Seamus was furious. He wrapped his arm around Neville's head and shoved the back of his hand into Neville's forehead several times.

“So,” Seamus asked curiously after joking around with Neville, “Harry, can you tell us what Apparition feels like? You know, we’re all very curious…”

“That feeling isn’t really pleasant, especially when you’re not familiar with it,” Harry shrugged. “Excluding the possibility that a failed Apparition will cause you to split, the first time you Apparate, it feels like you’re being squeezed out of a very narrow rubber tube—that intense squeezing sensation from all sides makes it impossible to breathe. It feels like your chest is being tightly locked in by an iron clamp, your eyes are bulging deep into your brain, and your eardrums feel like they’re about to explode.”

"This...it feels so bad?" the people around exclaimed in astonishment.

“Of course,” Harry said with a smile. “Otherwise, why would the age limit for Apparition be set at seventeen?”

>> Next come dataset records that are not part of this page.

(* For every positive integer $n$, $$M_e(\mathcal{D},n)-M_o(\mathcal{D},n)=\begin{cases} 1, & \text{if } n\in\mathcal{P} \text{ and } R(n) \text{ is odd and positive},\\ -1, & \text{if } n\in\mathcal{P} \text{ and } R(n) \text{ is not odd and positive},\\ 2, & \text{if } n\notin\mathcal{P},\ R(\lfloor n\rfloor_p) \text{ is odd and positive, and } n\equiv\lfloor n\rfloor_p \pmod 2,\\ -2, & \text{if } n\notin\mathcal{P},\ R(\lfloor n\rfloor_p) \text{ is even and positive, and } n\equiv\lfloor n\rfloor_p \pmod 2,\\ -2(-1)^{n-\lfloor n\rfloor_p}, & \text{if } n\notin\mathcal{P} \text{ and } R(\lfloor n\rfloor_p) \text{ is even and negative},\\ 0, & \text{otherwise}. \end{cases}$$
   Context: $M_e(\mathcal{D},n)$ (resp. $M_o(\mathcal{D},n)$) is the number of partitions of $n$ into distinct parts with even (resp. odd) crank, where for a partition into distinct parts the crank is its largest part if $1$ is not a part, and is (number of parts) $-2$ if $1$ is a part. $\mathcal{P}=\{m(3m+1)/2: m\in\mathbb{Z}\}$ is the set of (generalized) pentagonal numbers; for $n=m(3m+1)/2\in\mathcal{P}$ put $R(n)=m$ (well defined since distinct integers $m$ give distinct values). $\lfloor n\rfloor_p$ denotes the largest element of $\mathcal{P}$ that is $\le n$. *)

theory Defs
  imports Main
begin

text \<open>A partition of n into distinct parts is identified with the finite set of its
  parts, a set of positive integers summing to n (all parts are then in {1..n}).\<close>
definition distinct_partitions :: "nat \<Rightarrow> nat set set" where
  "distinct_partitions n = {S. finite S \<and> 0 \<notin> S \<and> \<Sum>S = n}"

definition dcrank :: "nat set \<Rightarrow> int" where
  "dcrank S = (if 1 \<notin> S then int (Max S) else int (card S) - 2)"

definition M_e :: "nat \<Rightarrow> nat" where
  "M_e n = card {S \<in> distinct_partitions n. even (dcrank S)}"

definition M_o :: "nat \<Rightarrow> nat" where
  "M_o n = card {S \<in> distinct_partitions n. odd (dcrank S)}"

definition pent :: "int \<Rightarrow> int" where
  "pent m = m * (3 * m + 1) div 2"

definition pentagonals :: "int set" where
  "pentagonals = range pent"

definition R :: "int \<Rightarrow> int" where
  "R n = (THE m. pent m = n)"

definition pfloor :: "int \<Rightarrow> int" where
  "pfloor n = Max {p \<in> pentagonals. p \<le> n}"

end

theory Submission
  imports Defs
begin

text \<open>Weighted by \<open>(-1)^crank\<close>, \<open>M_e(n) - M_o(n)\<close> becomes a signed sum over the distinct
  partitions of \<open>n\<close>. Partitions without the part 1 contribute \<open>(-1)^(largest part)\<close>.
  Removing the part 1 from the others leaves the partitions of \<open>n - 1\<close> without the part 1,
  each contributing \<open>-(-1)^(number of parts)\<close>. Franklin's involution changes both the
  number of parts and the largest part by one, so over all distinct partitions of \<open>n\<close> the
  signs \<open>(-1)^(number of parts)\<close> and \<open>(-1)^(largest part)\<close> sum to 0 unless \<open>n = pent r\<close>,
  where the sums are \<open>(-1)^r\<close> and \<open>sgn r\<close>. Splitting off the part 1 once more shows that the
  sums over partitions without the part 1 are running sums, resp. alternating running sums, of
  these two sequences; they are evaluated by induction along the pentagonal numbers
  \<open>pent 0 < pent (-1) < pent 1 < pent (-2) < pent 2 < \<dots>\<close>.\<close>

section \<open>Pentagonal numbers\<close>

lemma double_pent: "2 * pent m = m * (3 * m + 1)"
proof -
  have "even (m * (3 * m + 1))" by auto
  then show ?thesis unfolding pent_def by simp
qed

lemma double_pent_diff: "2 * (pent a - pent b) = (a - b) * (3 * (a + b) + 1)"
  using double_pent[of a] double_pent[of b] by (simp add: algebra_simps)

lemma inj_pent: "inj pent"
proof
  fix a b assume "pent a = pent b"
  then have "(a - b) * (3 * (a + b) + 1) = 0"
    using double_pent_diff[of a b] by simp
  moreover have "3 * (a + b) + 1 \<noteq> 0" by presburger
  ultimately show "a = b" by simp
qed

lemma pent_0 [simp]: "pent 0 = 0"
  unfolding pent_def by simp

lemma pent_eq_0_iff [simp]: "pent m = 0 \<longleftrightarrow> m = 0"
  using inj_pent pent_0 by (metis injD)

lemma pent_nonneg: "0 \<le> pent m"
  using double_pent[of m] zero_le_mult_iff[of m "3 * m + 1"] by linarith

lemma R_pent [simp]: "R (pent m) = m"
  unfolding R_def using inj_pent by (auto dest: injD)

lemma pent_in_pentagonals [simp]: "pent m \<in> pentagonals"
  unfolding pentagonals_def by simp

lemma pent_R: "x \<in> pentagonals \<Longrightarrow> pent (R x) = x"
  unfolding pentagonals_def by auto

lemma pent_preimage: "{r. pent r = x} = (if x \<in> pentagonals then {R x} else {})"
  unfolding pentagonals_def by (auto simp: inj_eq[OF inj_pent])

"How far can it travel at most?" Simo asked.

“I don’t know the specific limitations, but I do know that as the distance of Apparition increases, its difficulty also increases—Intercontinental Apparition can only be used by highly skilled wizards, otherwise it may result in splitting, serious injury, or even death,” Harry said truthfully.

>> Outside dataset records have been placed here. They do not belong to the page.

lemma vh_hermitian_mult_ctrans_mult_vec:
  assumes Hd: "Hd \<in> carrier_mat nr nt" and Rc: "R \<in> carrier_mat nt nt" and Rh: "ctrans R = R"
    and B: "B \<in> carrier_mat nr nr" and f: "f \<in> carrier_vec nr" and g: "g \<in> carrier_vec nt"
  shows "vh g ((R * ctrans Hd * B) *\<^sub>v f) = vh (Hd *\<^sub>v (R *\<^sub>v g)) (B *\<^sub>v f)"
proof -
  have cH: "ctrans Hd \<in> carrier_mat nt nr" using Hd by simp
  have Bf: "B *\<^sub>v f \<in> carrier_vec nr" using B f by simp
  have Rg: "R *\<^sub>v g \<in> carrier_vec nt" using Rc g by simp
  have "(R * ctrans Hd * B) *\<^sub>v f = (R * ctrans Hd) *\<^sub>v (B *\<^sub>v f)"
    by (rule assoc_mult_mat_vec[OF mult_carrier_mat[OF Rc cH] B f])
  also have "\<dots> = R *\<^sub>v (ctrans Hd *\<^sub>v (B *\<^sub>v f))" by (rule assoc_mult_mat_vec[OF Rc cH Bf])
  finally have "vh g ((R * ctrans Hd * B) *\<^sub>v f) = vh g (R *\<^sub>v (ctrans Hd *\<^sub>v (B *\<^sub>v f)))"
    by simp
  also have "\<dots> = vh (R *\<^sub>v g) (ctrans Hd *\<^sub>v (B *\<^sub>v f))"
    using vh_adjoint[OF Rc g, of "ctrans Hd *\<^sub>v (B *\<^sub>v f)"] Rh cH Bf by simp
  also have "\<dots> = vh (Hd *\<^sub>v (R *\<^sub>v g)) (B *\<^sub>v f)"
    using vh_adjoint[OF cH Rg Bf] by simp
  finally show ?thesis .
qed

lemma det_snr_mat_add_smult_outer:
  assumes Hd: "Hd \<in> carrier_mat nr nt" and R: "herm_psd nt R" and k: "k \<ge> 0"
    and fa: "fa \<in> carrier_vec nr" and gd: "gd \<in> carrier_vec nt"
  defines "A \<equiv> snr_mat k R Hd"
  defines "\<alpha> \<equiv> vh gd ((R * ctrans Hd * minv A) *\<^sub>v fa)"
  obtains \<kappa> where "\<And>c. Re (det (snr_mat k R (Hd + c \<cdot>\<^sub>m outer fa gd)))
                          = Re (det A) * (1 + 2 * k * Re (c * \<alpha>) + (cmod c)\<^sup>2 * \<kappa>)"
proof -
  have Rc: "R \<in> carrier_mat nt nt" and Rh: "ctrans R = R" using R unfolding herm_psd_def by auto
  have A: "A \<in> carrier_mat nr nr" unfolding A_def by (rule snr_mat_carrier[OF Hd Rc])
  have detA: "Im (det A) = 0" "Re (det A) > 0"
    unfolding A_def using det_snr_mat_pos[OF Hd R k] by auto
  hence "det A \<noteq> 0" by auto
  define Ai where "Ai = minv A"
  have Ai: "Ai \<in> carrier_mat nr nr" and inv: "A * Ai = 1\<^sub>m nr"
    using minv_inverse[OF A \<open>det A \<noteq> 0\<close>] unfolding Ai_def by auto
  have Ai_herm: "ctrans Ai = Ai" unfolding Ai_def A_def
    by (rule minv_hermitian[OF snr_mat_carrier[OF Hd Rc]])
      (use \<open>det A \<noteq> 0\<close> snr_mat_hermitian[OF Hd R] in \<open>auto simp: A_def\<close>)
  define u where "u = R *\<^sub>v gd"
  define w where "w = Hd *\<^sub>v u"
  have w: "w \<in> carrier_vec nr" unfolding w_def u_def using Rc Hd gd by auto
  have Aifa: "Ai *\<^sub>v fa \<in> carrier_vec nr" using Ai fa by auto
  define G11 where "G11 = vh fa (Ai *\<^sub>v fa)"
  define G12 where "G12 = vh fa (Ai *\<^sub>v w)"
  define G22 where "G22 = vh w (Ai *\<^sub>v w)"
  have \<alpha>: "\<alpha> = vh w (Ai *\<^sub>v fa)"
    unfolding \<alpha>_def Ai_def[symmetric] w_def u_def
    by (rule vh_hermitian_mult_ctrans_mult_vec[OF Hd Rc Rh Ai fa gd])
  have G12: "G12 = cnj \<alpha>"
    unfolding G12_def \<alpha> vh_adjoint[OF Ai fa w] Ai_herm by (rule vh_swap[OF w Aifa])
  define \<kappa> where "\<kappa> = Re (of_real k * vh u gd * G11 + (of_real k)\<^sup>2 * (\<alpha> * G12 - G22 * G11))"
  have "Re (det (snr_mat k R (Hd + c \<cdot>\<^sub>m outer fa gd)))
          = Re (det A) * (1 + 2 * k * Re (c * \<alpha>) + (cmod c)\<^sup>2 * \<kappa>)" for c
  proof -
    define b1 where "b1 = of_real k \<cdot>\<^sub>v (cnj c \<cdot>\<^sub>v w + (cnj (c * vh u gd) * c) \<cdot>\<^sub>v fa)"
    define b2 where "b2 = of_real k \<cdot>\<^sub>v (c \<cdot>\<^sub>v fa)"
    have b1: "b1 \<in> carrier_vec nr" and b2: "b2 \<in> carrier_vec nr"
      unfolding b1_def b2_def using w fa by auto
    have "snr_mat k R (Hd + c \<cdot>\<^sub>m outer fa gd) = A + outer fa b1 + outer w b2"
      unfolding A_def b1_def b2_def w_def u_def by (rule snr_mat_add_smult_outer[OF Hd R fa gd])
    hence "det (snr_mat k R (Hd + c \<cdot>\<^sub>m outer fa gd)) = det A *
        ((1 + vh b1 (Ai *\<^sub>v fa)) * (1 + vh b2 (Ai *\<^sub>v w)) - vh b1 (Ai *\<^sub>v w) * vh b2 (Ai *\<^sub>v fa))"
      using det_add_two_outer[OF A Ai inv fa w b1 b2] by simp
    also have "vh b1 (Ai *\<^sub>v fa) = of_real k * (c * \<alpha> + c * vh u gd * cnj c * G11)"
      unfolding b1_def \<alpha> G11_def using w fa
      by (simp add: vh_smult_left[of _ nr] vh_add_left[of _ nr])
    also have "vh b1 (Ai *\<^sub>v w) = of_real k * (c * G22 + c * vh u gd * cnj c * G12)"
      unfolding b1_def G22_def G12_def using w fa
      by (simp add: vh_smult_left[of _ nr] vh_add_left[of _ nr])
    also have "vh b2 (Ai *\<^sub>v w) = of_real k * cnj c * G12"
      unfolding b2_def G12_def using fa by (simp add: vh_smult_left[of _ nr])
    also have "vh b2 (Ai *\<^sub>v fa) = of_real k * cnj c * G11"
      unfolding b2_def G11_def using fa by (simp add: vh_smult_left[of _ nr])
    finally have "det (snr_mat k R (Hd + c \<cdot>\<^sub>m outer fa gd))
        = det A * (1 + of_real k * (c * \<alpha> + cnj c * G12)
        + (c * cnj c) * (of_real k * vh u gd * G11 + (of_real k)\<^sup>2 * (\<alpha> * G12 - G22 * G11)))"
      by (simp add: algebra_simps power2_eq_square)
    also have "c * cnj c = of_real ((cmod c)\<^sup>2)" by (rule complex_norm_square[symmetric])
    finally show ?thesis unfolding G12 \<kappa>_def using detA by simp
  qed
  thus ?thesis by (rule that)
qed

lemma cis_minus_Arg_mult: "cis (- Arg a) * a = of_real (cmod a)"
proof -
  have "cis (- Arg a) * a = of_real (cmod a) * (cis (- Arg a) * cis (Arg a))"
    by (subst rcis_cmod_Arg[symmetric]) (simp add: rcis_def mult_ac)
  thus ?thesis by (simp add: cis_mult)
qed

lemma Re_cis_minus_Arg_aligned:
  assumes "s \<ge> 0"
  shows "Re (cis (- Arg a) * of_real s * a) = cmod (cis (- Arg a) * of_real s) * cmod a"
proof -
  have "cis (- Arg a) * of_real s * a = of_real s * (cis (- Arg a) * a)"
    by (simp only: ac_simps)
  also have "\<dots> = of_real (s * cmod a)" unfolding cis_minus_Arg_mult by simp
  finally have aligned: "cis (- Arg a) * of_real s * a = of_real (s * cmod a)" .
  show ?thesis unfolding aligned using assms by (simp add: norm_mult)
qed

“And what about you?” Neville asked. “How far can you Apparate?”

“You know,” Harry said with a shrug, “sometimes I like to spend the weekends in Vienna with Vivi, and then come back on Sunday—”

"It's so far!" Neville exclaimed in surprise.

“Just practice more,” Harry said with a chuckle. “I was just talking to Ron about how, besides the Apparition lessons at school, I could teach you some Apparition tricks… but only after you’ve mastered the spell. I don’t want you trying to run before you’ve even learned to walk, understand?”